- **Work to complete**: Pick out the lines below that contain the string "Amat" and copy them all.

- - - - -

(* Let $p,q\in\mathbb{C}$, $N=N_1+N_2+\dots+N_s$, and let $$\Gamma=\mathrm{Diag}\big(\Gamma^{[N_1]}_D(k_1,\dots,k_{N_1}),\ \Gamma^{[N_2]}_J(\kappa_2),\ \dots,\ \Gamma^{[N_s]}_J(\kappa_s)\big)$$ (block diagonal), where all eigenvalues $\lambda,\mu$ of $\Gamma$ satisfy $\lambda+\mu\ne0$ and $p,q\notin\{\pm\lambda\}$. Let $c=(c^{(1)},c^{(2)},\dots,c^{(s)})$ be a constant row vector of length $N$, with $c^{(1)}=(c_1,\dots,c_{N_1})$ and $c^{(j)}$ of length $N_j$. Define $$r=\begin{pmatrix} r^{[N_1]}_D(k_1,\dots,k_{N_1})\\ r^{[N_2]}_J(\kappa_2)\\ \vdots\\ r^{[N_s]}_J(\kappa_s)\end{pmatrix},\qquad M=FGH,$$ with $F=\mathrm{Diag}(F^{[N_1]}_D(k_1,\dots,k_{N_1}),F^{[N_2]}_J(\kappa_2),\dots,F^{[N_s]}_J(\kappa_s))$, $H=\mathrm{Diag}(H^{[N_1]}_D(c^{(1)}),H^{[N_2]}_J(c^{(2)}),\dots,H^{[N_s]}_J(c^{(s)}))$, and $G=(G_{i,j})_{i,j=1}^s$ the symmetric block matrix with $N_i\times N_j$ blocks $$G_{1,1}=G^{[N_1]}_D(k_1,\dots,k_{N_1}),\quad G_{1,j}=G_{j,1}^T=G^{[N_1,N_j]}_{DJ}(k_1,\dots,k_{N_1};\kappa_j)\ (1<j\le s),$$ $$G_{i,j}=G_{j,i}^T=G^{[N_i,N_j]}_{JJ}(\kappa_i;\kappa_j)\ (1<i\le j\le s).$$ Then, for all $(n,m)\in\mathbb{Z}^2$, $$(pI-\Gamma)\tilde r=(pI+\Gamma)r,\qquad (qI-\Gamma)\hat r=(qI+\Gamma)r,\qquad M\Gamma+\Gamma M=r\,c .$$ Furthermore, for $\mathcal{A}=\mathrm{Diag}(I_{N_1},\mathcal{A}_2,\dots,\mathcal{A}_s)$ with each $\mathcal{A}_j$ an arbitrary constant $N_j\times N_j$ lower triangular Toeplitz matrix, the pair $(\mathcal{A}r,\mathcal{A}M)$ also satisfies these three equations with the same $\Gamma$ and $c$.
   Context: For $f$ on $\mathbb{Z}^2$: $\tilde f(n,m)=f(n+1,m)$, $\hat f(n,m)=f(n,m+1)$. Plane wave factor: $\rho(k)=\big(\tfrac{p+k}{p-k}\big)^n\big(\tfrac{q+k}{q-k}\big)^m\rho^0$, with the constant $\rho^0$ allowed to depend on which eigenvalue/position it is attached to but not on $k$ under differentiation; write $\rho_i=\rho(k_i)$. $\Gamma^{[N_1]}_D(k_1,\dots,k_{N_1})=\mathrm{Diag}(k_1,\dots,k_{N_1})$; $r^{[N_1]}_D=(\rho_1,\dots,\rho_{N_1})^T$; $F^{[N_1]}_D=\mathrm{Diag}(\rho_1,\dots,\rho_{N_1})$; $H^{[N_1]}_D(c_1,\dots,c_{N_1})=\mathrm{Diag}(c_1,\dots,c_{N_1})$. $\Gamma^{[N]}_J(\kappa)$: $N\times N$ with $\kappa$ on the diagonal, $1$ on the subdiagonal, $0$ elsewhere. $r^{[N]}_J(\kappa)=\big(\rho,\frac{\partial_k\rho}{1!},\dots,\frac{\partial_k^{N-1}\rho}{(N-1)!}\big)^T|_{k=\kappa}$. $F^{[N]}_J(\kappa)$: lower triangular with $(i,j)$ entry $\frac{1}{(i-j)!}\partial_k^{i-j}\rho|_{k=\kappa}$ for $i\ge j$. $H^{[N]}_J(d_1,\dots,d_N)$: $(i,j)$ entry $d_{i+j-1}$ if $i+j-1\le N$, else $0$. $G^{[N]}_D(k_1,\dots,k_N)$: $(i,j)$ entry $\frac1{k_i+k_j}$. $G^{[N_1,N_2]}_{DJ}(k_1,\dots,k_{N_1};b)$: $N_1\times N_2$, $(i,j)$ entry $-\big(\frac{-1}{k_i+b}\big)^j$. $G^{[N_1,N_2]}_{JJ}(a;b)$: $N_1\times N_2$, $(i,j)$ entry $\binom{i+j-2}{i-1}\frac{(-1)^{i+j}}{(a+b)^{i+j-1}}$. A lower triangular Toeplitz matrix is $(a_{i-j})$ with $a_l=0$ for $l<0$. The block sizes $N_1\ge0$, $N_j\ge1$; empty blocks are omitted. *)

theory Defs
  imports "HOL-Analysis.Analysis"
begin

text \<open>Matrices are functions nat => nat => complex with an explicit size N
  (indices 0..N-1); vectors are functions nat => complex.
  Block structure: block sizes list L = N1 # Ns, block 0 is the diagonal block
  (size N1, possibly 0), blocks b = 1..length Ns are Jordan blocks of size Ns!(b-1).\<close>

definition mmul :: "nat \<Rightarrow> (nat \<Rightarrow> nat \<Rightarrow> complex) \<Rightarrow> (nat \<Rightarrow> nat \<Rightarrow> complex) \<Rightarrow> nat \<Rightarrow> nat \<Rightarrow> complex" where
  "mmul N A B i j = (\<Sum>l<N. A i l * B l j)"

definition mvec :: "nat \<Rightarrow> (nat \<Rightarrow> nat \<Rightarrow> complex) \<Rightarrow> (nat \<Rightarrow> complex) \<Rightarrow> nat \<Rightarrow> complex" where
  "mvec N A v i = (\<Sum>l<N. A i l * v l)"

definition idm :: "nat \<Rightarrow> nat \<Rightarrow> complex" where
  "idm i j = (if i = j then 1 else 0)"

definition is_eigenvalue :: "nat \<Rightarrow> (nat \<Rightarrow> nat \<Rightarrow> complex) \<Rightarrow> complex \<Rightarrow> bool" where
  "is_eigenvalue N A lam \<longleftrightarrow>
     (\<exists>v. (\<exists>i<N. v i \<noteq> 0) \<and> (\<forall>i<N. mvec N A v i = lam * v i))"

definition blk :: "nat list \<Rightarrow> nat \<Rightarrow> nat" where
  "blk L i = (LEAST b. i < sum_list (take (Suc b) L))"

definition off :: "nat list \<Rightarrow> nat \<Rightarrow> nat" where
  "off L b = sum_list (take b L)"

definition loc :: "nat list \<Rightarrow> nat \<Rightarrow> nat" where
  "loc L i = i - off L (blk L i)"

definition rho :: "complex \<Rightarrow> complex \<Rightarrow> int \<Rightarrow> int \<Rightarrow> complex \<Rightarrow> complex \<Rightarrow> complex" where
  "rho p q n m r0 z = ((p + z) / (p - z)) powi n * ((q + z) / (q - z)) powi m * r0"

definition dk :: "nat \<Rightarrow> (complex \<Rightarrow> complex) \<Rightarrow> complex \<Rightarrow> complex" where
  "dk j f z = (deriv ^^ j) f z"

definition Gam :: "nat \<Rightarrow> (nat \<Rightarrow> complex) \<Rightarrow> nat list \<Rightarrow> (nat \<Rightarrow> complex) \<Rightarrow> nat \<Rightarrow> nat \<Rightarrow> complex" where
  "Gam N1 k Ns kap i j =
    (let L = N1 # Ns; bi = blk L i; bj = blk L j; a = loc L i; b = loc L j in
     if bi \<noteq> bj then 0
     else if bi = 0 then (if a = b then k a else 0)
     else if a = b then kap bi else if a = b + 1 then 1 else 0)"

definition rvec :: "complex \<Rightarrow> complex \<Rightarrow> nat \<Rightarrow> (nat \<Rightarrow> complex) \<Rightarrow> (nat \<Rightarrow> complex)
    \<Rightarrow> nat list \<Rightarrow> (nat \<Rightarrow> complex) \<Rightarrow> (nat \<Rightarrow> complex) \<Rightarrow> int \<Rightarrow> int \<Rightarrow> nat \<Rightarrow> complex" where
  "rvec p q N1 k r0D Ns kap r0J n m i =
    (let L = N1 # Ns; bi = blk L i; a = loc L i in
     if bi = 0 then rho p q n m (r0D a) (k a)
     else dk a (rho p q n m (r0J bi)) (kap bi) / fact a)"

definition Fmat :: "complex \<Rightarrow> complex \<Rightarrow> nat \<Rightarrow> (nat \<Rightarrow> complex) \<Rightarrow> (nat \<Rightarrow> complex)
    \<Rightarrow> nat list \<Rightarrow> (nat \<Rightarrow> complex) \<Rightarrow> (nat \<Rightarrow> complex) \<Rightarrow> int \<Rightarrow> int \<Rightarrow> nat \<Rightarrow> nat \<Rightarrow> complex" where
  "Fmat p q N1 k r0D Ns kap r0J n m i j =
    (let L = N1 # Ns; bi = blk L i; bj = blk L j; a = loc L i; b = loc L j in
     if bi \<noteq> bj then 0
     else if bi = 0 then (if a = b then rho p q n m (r0D a) (k a) else 0)
     else if b \<le> a then dk (a - b) (rho p q n m (r0J bi)) (kap bi) / fact (a - b)
     else 0)"

text \<open>c is the global row vector (c^(1),...,c^(s)), indexed 0..N-1\<close>
definition Hmat :: "nat \<Rightarrow> nat list \<Rightarrow> (nat \<Rightarrow> complex) \<Rightarrow> nat \<Rightarrow> nat \<Rightarrow> complex" where
  "Hmat N1 Ns c i j =
    (let L = N1 # Ns; bi = blk L i; bj = blk L j; a = loc L i; b = loc L j in
     if bi \<noteq> bj then 0
     else if bi = 0 then (if a = b then c i else 0)
     else if a + b < L ! bi then c (off L bi + a + b) else 0)"

definition Gmat :: "nat \<Rightarrow> (nat \<Rightarrow> complex) \<Rightarrow> nat list \<Rightarrow> (nat \<Rightarrow> complex) \<Rightarrow> nat \<Rightarrow> nat \<Rightarrow> complex" where
  "Gmat N1 k Ns kap i j =
    (let L = N1 # Ns; bi = blk L i; bj = blk L j; a = loc L i; b = loc L j in
     if bi = 0 \<and> bj = 0 then 1 / (k a + k b)
     else if bi = 0 then - ((- 1 / (k a + kap bj)) ^ (b + 1))
     else if bj = 0 then - ((- 1 / (k b + kap bi)) ^ (a + 1))
     else of_nat ((a + b) choose a) * (- 1) ^ (a + b) / (kap bi + kap bj) ^ (a + b + 1))"

definition Mmat :: "complex \<Rightarrow> complex \<Rightarrow> nat \<Rightarrow> (nat \<Rightarrow> complex) \<Rightarrow> (nat \<Rightarrow> complex)
    \<Rightarrow> nat list \<Rightarrow> (nat \<Rightarrow> complex) \<Rightarrow> (nat \<Rightarrow> complex) \<Rightarrow> (nat \<Rightarrow> complex) \<Rightarrow> int \<Rightarrow> int \<Rightarrow> nat \<Rightarrow> nat \<Rightarrow> complex" where
  "Mmat p q N1 k r0D Ns kap r0J c n m =
    (let N = sum_list (N1 # Ns) in
     mmul N (mmul N (Fmat p q N1 k r0D Ns kap r0J n m) (Gmat N1 k Ns kap)) (Hmat N1 Ns c))"

text \<open>A = Diag(I_{N1}, A_2, ..., A_s), A_b lower triangular Toeplitz with
  entries aseq b 0, aseq b 1, ... (constant, i.e. independent of n, m)\<close>
definition Amat :: "nat \<Rightarrow> nat list \<Rightarrow> (nat \<Rightarrow> nat \<Rightarrow> complex) \<Rightarrow> nat \<Rightarrow> nat \<Rightarrow> complex" where
  "Amat N1 Ns aseq i j =
    (let L = N1 # Ns; bi = blk L i; bj = blk L j; a = loc L i; b = loc L j in
     if bi \<noteq> bj then 0
     else if bi = 0 then (if a = b then 1 else 0)
     else if b \<le> a then aseq bi (a - b) else 0)"

definition sat_eqs :: "nat \<Rightarrow> complex \<Rightarrow> complex \<Rightarrow> (nat \<Rightarrow> nat \<Rightarrow> complex) \<Rightarrow> (nat \<Rightarrow> complex)
    \<Rightarrow> (int \<Rightarrow> int \<Rightarrow> nat \<Rightarrow> complex) \<Rightarrow> (int \<Rightarrow> int \<Rightarrow> nat \<Rightarrow> nat \<Rightarrow> complex) \<Rightarrow> bool" where
  "sat_eqs N p q G c r M \<longleftrightarrow>
    (\<forall>n m.
      (\<forall>i<N. mvec N (\<lambda>i j. p * idm i j - G i j) (r (n + 1) m) i
              = mvec N (\<lambda>i j. p * idm i j + G i j) (r n m) i) \<and>
      (\<forall>i<N. mvec N (\<lambda>i j. q * idm i j - G i j) (r n (m + 1)) i
              = mvec N (\<lambda>i j. q * idm i j + G i j) (r n m) i) \<and>
      (\<forall>i<N. \<forall>j<N. mmul N (M n m) G i j + mmul N G (M n m) i j = r n m i * c j))"

end

theory Submission
  imports Defs "HOL-Complex_Analysis.Laurent_Convergence"
begin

- - - - -

- **Result of the exercise**:
definition Amat :: "nat \<Rightarrow> nat list \<Rightarrow> (nat \<Rightarrow> nat \<Rightarrow> complex) \<Rightarrow> nat \<Rightarrow> nat \<Rightarrow> complex" where
  "Amat N1 Ns aseq i j =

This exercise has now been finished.